Thank you.norfolk has a load of them.


----------



## yash_raj_999 (Feb 5, 2014)

Thanks guys i wish the landlord do something or give it to some1 who can resore it.


----------



## Dirus_Strictus (Feb 6, 2014)

yash_raj_999 said:


> Thanks guys i wish the landlord do something or give it to some1 who can resore it.

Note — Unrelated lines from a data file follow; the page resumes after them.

(* Under the hypotheses of the context, for $\varepsilon>0$ let $(\mathbf m_\varepsilon,\rho_\varepsilon)\in V\times Q$ be the unique solution of $$(F^j(x,|\mathbf m_\varepsilon|)\mathbf m_\varepsilon,\mathbf v)+\varepsilon(\nabla\cdot\mathbf m_\varepsilon,\nabla\cdot\mathbf v)-(\nabla\cdot\mathbf v,\rho_\varepsilon)=-\langle\rho_b^j,\mathbf v\cdot\nu\rangle\ \ \forall\mathbf v\in V,\qquad \Bigl(\frac{\phi}{\Delta t}\rho_\varepsilon,q\Bigr)+(\nabla\cdot\mathbf m_\varepsilon,q)=(\bar f,q)\ \ \forall q\in Q,$$ where $\bar f=f^j+\frac{\phi}{\Delta t}\rho^{j-1}$. Then there exist constants $\mathcal K_1,\mathcal K_2>0$, independent of $\varepsilon$, such that for all sufficiently small $\varepsilon>0$, $$\|\mathbf m_\varepsilon\|_V\le\mathcal K_1\quad\text{and}\quad\|\rho_\varepsilon\|_{L^2(\Omega)}\le\mathcal K_2.$$
   Context: Let $\Omega\subset\mathbb R^d$, $d\ge2$, be a bounded open set with $C^1$ boundary $\partial\Omega$ and outward unit normal $\nu$. Fix an integer $N\ge1$ and exponents $0=\alpha_0<\alpha_1<\dots<\alpha_N$; set $s=\alpha_N+2$ and $s^*=s/(s-1)$. Coefficients $a^j_0,\dots,a^j_N\in L^\infty(\Omega)$ satisfy $0<\underline a\le a^j_0,a^j_N\le\bar a$ and $0\le a^j_i\le\bar a$ for $1\le i\le N-1$, and $F^j(x,z)=\sum_{i=0}^N a^j_i(x)z^{\alpha_i}$ for $z\ge0$ (with $z^0=1$). Hypotheses: $\Delta t>0$; $0<\underline\phi\le\phi(x)\le\bar\phi<\infty$; $f^j\in L^2(\Omega)$; $\rho^{j-1}\in L^2(\Omega)$; $\rho^j_b\in W^{1/s,s}(\partial\Omega)$. $V=W(\mathrm{div};\Omega)=\{\mathbf v\in(L^s(\Omega))^d:\nabla\cdot\mathbf v\in L^2(\Omega)\}$ with norm $\|\mathbf v\|_V=\|\mathbf v\|_{L^s}+\|\nabla\cdot\mathbf v\|_{L^2}$, and $Q=L^2(\Omega)$; for $\mathbf v\in V$ the normal trace $\mathbf v\cdot\nu$ exists in $W^{-1/s,s^*}(\partial\Omega)$, and $\langle\rho_b^j,\mathbf v\cdot\nu\rangle$ denotes the duality pairing of $\rho^j_b$ with this normal trace. $(\cdot,\cdot)$ denotes the $L^2(\Omega)$ inner product. *)

theory Defs
  imports "HOL-Analysis.Analysis"
begin

definition Lp_on :: "real \<Rightarrow> 'a::euclidean_space set \<Rightarrow> ('a \<Rightarrow> 'b::real_normed_vector) \<Rightarrow> bool" where
  "Lp_on p \<Omega> f \<longleftrightarrow> f \<in> borel_measurable (lebesgue_on \<Omega>) \<and>
      integrable (lebesgue_on \<Omega>) (\<lambda>x. norm (f x) powr p)"

definition Lp_norm :: "real \<Rightarrow> 'a::euclidean_space set \<Rightarrow> ('a \<Rightarrow> 'b::real_normed_vector) \<Rightarrow> real" where
  "Lp_norm p \<Omega> f = (integral\<^sup>L (lebesgue_on \<Omega>) (\<lambda>x. norm (f x) powr p)) powr (1 / p)"

definition L2_inner :: "'a::euclidean_space set \<Rightarrow> ('a \<Rightarrow> real) \<Rightarrow> ('a \<Rightarrow> real) \<Rightarrow> real" where
  "L2_inner \<Omega> f g = integral\<^sup>L (lebesgue_on \<Omega>) (\<lambda>x. f x * g x)"

definition test_fun :: "'a::euclidean_space set \<Rightarrow> ('a \<Rightarrow> real) \<Rightarrow> ('a \<Rightarrow> 'a) \<Rightarrow> bool" where
  "test_fun \<Omega> \<psi> g \<longleftrightarrow> (\<forall>x. (\<psi> has_derivative (\<lambda>h. g x \<bullet> h)) (at x)) \<and> continuous_on UNIV g \<and>
      compact (closure {x. \<psi> x \<noteq> 0}) \<and> closure {x. \<psi> x \<noteq> 0} \<subseteq> \<Omega>"

definition weak_div :: "'a::euclidean_space set \<Rightarrow> ('a \<Rightarrow> 'a) \<Rightarrow> ('a \<Rightarrow> real) \<Rightarrow> bool" where
  "weak_div \<Omega> v D \<longleftrightarrow> (\<forall>\<psi> g. test_fun \<Omega> \<psi> g \<longrightarrow>
      integral\<^sup>L (lebesgue_on \<Omega>) (\<lambda>x. v x \<bullet> g x) = - integral\<^sup>L (lebesgue_on \<Omega>) (\<lambda>x. D x * \<psi> x))"

definition weak_grad :: "'a::euclidean_space set \<Rightarrow> ('a \<Rightarrow> real) \<Rightarrow> ('a \<Rightarrow> 'a) \<Rightarrow> bool" where
  "weak_grad \<Omega> R G \<longleftrightarrow> (\<forall>\<psi> g. \<forall>e\<in>Basis. test_fun \<Omega> \<psi> g \<longrightarrow>
      integral\<^sup>L (lebesgue_on \<Omega>) (\<lambda>x. R x * (g x \<bullet> e)) = - integral\<^sup>L (lebesgue_on \<Omega>) (\<lambda>x. (G x \<bullet> e) * \<psi> x))"

text \<open>The space V = W(div;\<Omega>): v in L^s, with weak divergence D in L^2.\<close>
definition in_Wdiv :: "'a::euclidean_space set \<Rightarrow> real \<Rightarrow> ('a \<Rightarrow> 'a) \<Rightarrow> ('a \<Rightarrow> real) \<Rightarrow> bool" where
  "in_Wdiv \<Omega> s v D \<longleftrightarrow> Lp_on s \<Omega> v \<and> Lp_on 2 \<Omega> D \<and> weak_div \<Omega> v D"

definition Wdiv_norm :: "'a::euclidean_space set \<Rightarrow> real \<Rightarrow> ('a \<Rightarrow> 'a) \<Rightarrow> ('a \<Rightarrow> real) \<Rightarrow> real" where
  "Wdiv_norm \<Omega> s v D = Lp_norm s \<Omega> v + Lp_norm 2 \<Omega> D"

definition C1_boundary :: "'a::euclidean_space set \<Rightarrow> bool" where
  "C1_boundary \<Omega> \<longleftrightarrow> (\<forall>x\<in>frontier \<Omega>. \<exists>r>0. \<exists>\<psi> g.
      (\<forall>y\<in>ball x r. (\<psi> has_derivative (\<lambda>h. g y \<bullet> h)) (at y)) \<and> continuous_on (ball x r) g \<and>
      (\<forall>y\<in>ball x r. g y \<noteq> 0) \<and> (\<forall>y\<in>ball x r. y \<in> \<Omega> \<longleftrightarrow> \<psi> y < 0))"

text \<open>Duality pairing <\<rho>_b, v.\<nu>> for v in V with weak divergence D, where the boundary
  datum \<rho>_b is given as the trace of \<open>R\<close> (with weak gradient \<open>G\<close>); this is
  Green's formula, which defines the normal trace:
  <\<rho>_b, v.\<nu>> = \<integral>_\<Omega> (div v) R + v . grad R.\<close>
definition bdry_pair :: "'a::euclidean_space set \<Rightarrow> ('a \<Rightarrow> real) \<Rightarrow> ('a \<Rightarrow> 'a) \<Rightarrow> ('a \<Rightarrow> 'a) \<Rightarrow> ('a \<Rightarrow> real) \<Rightarrow> real" where
  "bdry_pair \<Omega> R G v D = integral\<^sup>L (lebesgue_on \<Omega>) (\<lambda>x. D x * R x + v x \<bullet> G x)"

text \<open>F(x,z) = \<Sum>_{i=0}^N a_i(x) z^{\<alpha>_i}, with \<alpha>_0 = 0 and z^0 = 1.\<close>
definition Fcoef :: "(nat \<Rightarrow> 'a \<Rightarrow> real) \<Rightarrow> (nat \<Rightarrow> real) \<Rightarrow> nat \<Rightarrow> 'a \<Rightarrow> real \<Rightarrow> real" where
  "Fcoef a \<alpha> N x z = a 0 x + (\<Sum>i\<in>{1..N}. a i x * z powr \<alpha> i)"

end

theory Submission
  imports Defs
begin

(* Test the first equation with v = m and the second with q = rho and q = R.  Since the boundary
   pairing is given by Green's formula, <rho_b, m.nu> = (div m, R) + (m, grad R), the three
   identities combine into an energy identity in which the epsilon-term has a good sign.  The
   coercivity F(x,z) z^2 >= a_lo z^s, Young's inequality with the conjugate exponents s, s* for
   (m, grad R) and weighted Cauchy inequalities for the L^2 pairings then bound the L^s norm of m
   and the L^2 norm of rho independently of epsilon.  Testing the second equation with
   q = div m finally bounds the L^2 norm of div m by those of fbar and rho. *)

lemma mult_le_scaled_squares:
  fixes u w c :: real
  assumes "0 < c"
  shows "u * w \<le> c / 4 * w\<^sup>2 + u\<^sup>2 / c"
proof -
  have "c / 4 * w\<^sup>2 + u\<^sup>2 / c - u * w = (c * w - 2 * u)\<^sup>2 / (4 * c)"
    using assms by (simp add: field_simps power2_eq_square)
  moreover have "0 \<le> (c * w - 2 * u)\<^sup>2 / (4 * c)"
    using assms by simp
  ultimately show ?thesis by linarith
qed

lemma Youngs_inequality_weighted:
  fixes p \<eta> :: real
  assumes "1 < p" "0 < \<eta>"
  obtains C where "\<And>u w. 0 \<le> u \<Longrightarrow> 0 \<le> w \<Longrightarrow> u * w \<le> \<eta> * u powr p + C * w powr (p / (p - 1))"
proof -
  define q where "q = p / (p - 1)"
  define k where "k = (p * \<eta>) powr (1 / p)"
  have k: "0 < k" "k powr p = p * \<eta>"
    using assms by (simp_all add: k_def powr_powr)
  have "u * w \<le> \<eta> * u powr p + 1 / (q * k powr q) * w powr q" if "0 \<le> u" "0 \<le> w" for u w
  proof -
    have "(k * u) * (w / k) \<le> (k * u) powr p / p + (w / k) powr q / q"
      using assms k that by (intro Youngs_inequality) (auto simp: q_def field_simps)
    then show ?thesis
      using assms k that by (simp add: powr_mult powr_divide q_def field_simps)
  qed
  then show ?thesis
    unfolding q_def by (rule that)
qed

lemma powr_le_one_plus_powr:
  fixes z p q :: real
  assumes "0 \<le> z" "0 \<le> p" "p \<le> q"
  shows "z powr p \<le> 1 + z powr q"
proof (cases "z \<le> 1")
  case True
  then have "z powr p \<le> 1"
    using assms by (intro powr_le1) auto
  then show ?thesis
    using powr_ge_zero[of z q] by linarith
next
  case False
  then have "z powr p \<le> z powr q"
    using assms by (intro powr_mono) auto
  then show ?thesis by linarith
qed

lemma Fcoef_mult_square:
  assumes "0 \<le> z"
  shows "Fcoef a \<alpha> N x z * z\<^sup>2 = a 0 x * z\<^sup>2 + (\<Sum>i=1..N. a i x * z powr (\<alpha> i + 2))"
proof -
  have "z powr b * z\<^sup>2 = z powr (b + 2)" for b
    using assms by (cases "z = 0") (simp_all add: powr_add)
  then show ?thesis
    unfolding Fcoef_def by (simp add: distrib_right sum_distrib_right mult.assoc)
qed

lemma Fcoef_coercive:
  assumes "0 \<le> z" "1 \<le> N" "\<And>i. i \<le> N \<Longrightarrow> 0 \<le> a i x" "lo \<le> a N x"
  shows "lo * z powr (\<alpha> N + 2) \<le> Fcoef a \<alpha> N x z * z\<^sup>2"
proof -
  have "lo * z powr (\<alpha> N + 2) \<le> a N x * z powr (\<alpha> N + 2)"
    using assms(4) by (intro mult_right_mono) auto
  also have "\<dots> \<le> (\<Sum>i=1..N. a i x * z powr (\<alpha> i + 2))"
    using assms(2,3) by (intro member_le_sum) auto
  also have "\<dots> \<le> Fcoef a \<alpha> N x z * z\<^sup>2"
    using assms(3)[of 0] by (simp add: Fcoef_mult_square[OF assms(1)])
  finally show ?thesis .
qed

There is nothing sadder than a disused church that has had a cheap cosmetic restoration, just left to sit in the landscape. Far better to let nature in all its forms take over the ruins - caught in the light of an early sun rise or late sun set ruins like this can be magical.


----------



## Pilot (Feb 7, 2014)

One can imagine standing there, still, and feeling the emotion of the place where for centuries people have prayed. How many lives have been entwined with this place? Perhaps it is good that it is being reclaimed by nature rather than bulldozed and "redeveloped". As Dirus Strictus observes, "there is nothing sadder than a disused church".


----------



## Squeakist (Feb 7, 2014)

Amazing shots, I love this set


----------



## Mikeymutt (Feb 7, 2014)

Squeakist said:


> Amazing shots, I love this set



Thank you.this place is special and has a lovely fel to it.


----------



## Infraredd (Feb 10, 2014)

Lovely place, I'll have to find it and visit sometime - thanks


----------



## ashutchy (Feb 12, 2014)

Great pics, looks a beautiful place.


----------



## UrbanX (Feb 12, 2014)

Nice one what a beauty! 
Great photos, cheers for sharing!


----------



## sc0ttie (Feb 18, 2014)

I love this one, great place, great pics. Thanks


----------



## perjury saint (Feb 18, 2014)

*Nice!! Like it!! *


----------



## Dani1978 (Mar 20, 2014)

Hi this church is privately owned by a doctor who lives in the cottage next to it, its on his land but he's a nice guy and is happy to let people take photos. Beautiful church and great pics


----------



## addictedmedia (Mar 20, 2014)

Cracking little place and been here a few times on a permission visit , so said to see this as well what a great church.


----------



## Mikeymutt (Mar 20, 2014)

Yeah it's a lovely little place with a very friendly owner.


----------



## Northantz_Urbex (Mar 26, 2014)

lovely place mate  derelict since 1936 not too long then


----------



## Kezz44 (Mar 26, 2014)

Lovely!  Thanks for sharing!


----------



## SlimJim (Mar 28, 2014)

Looks great! Love the calm of churches. Great smell when they're more intact too.


----------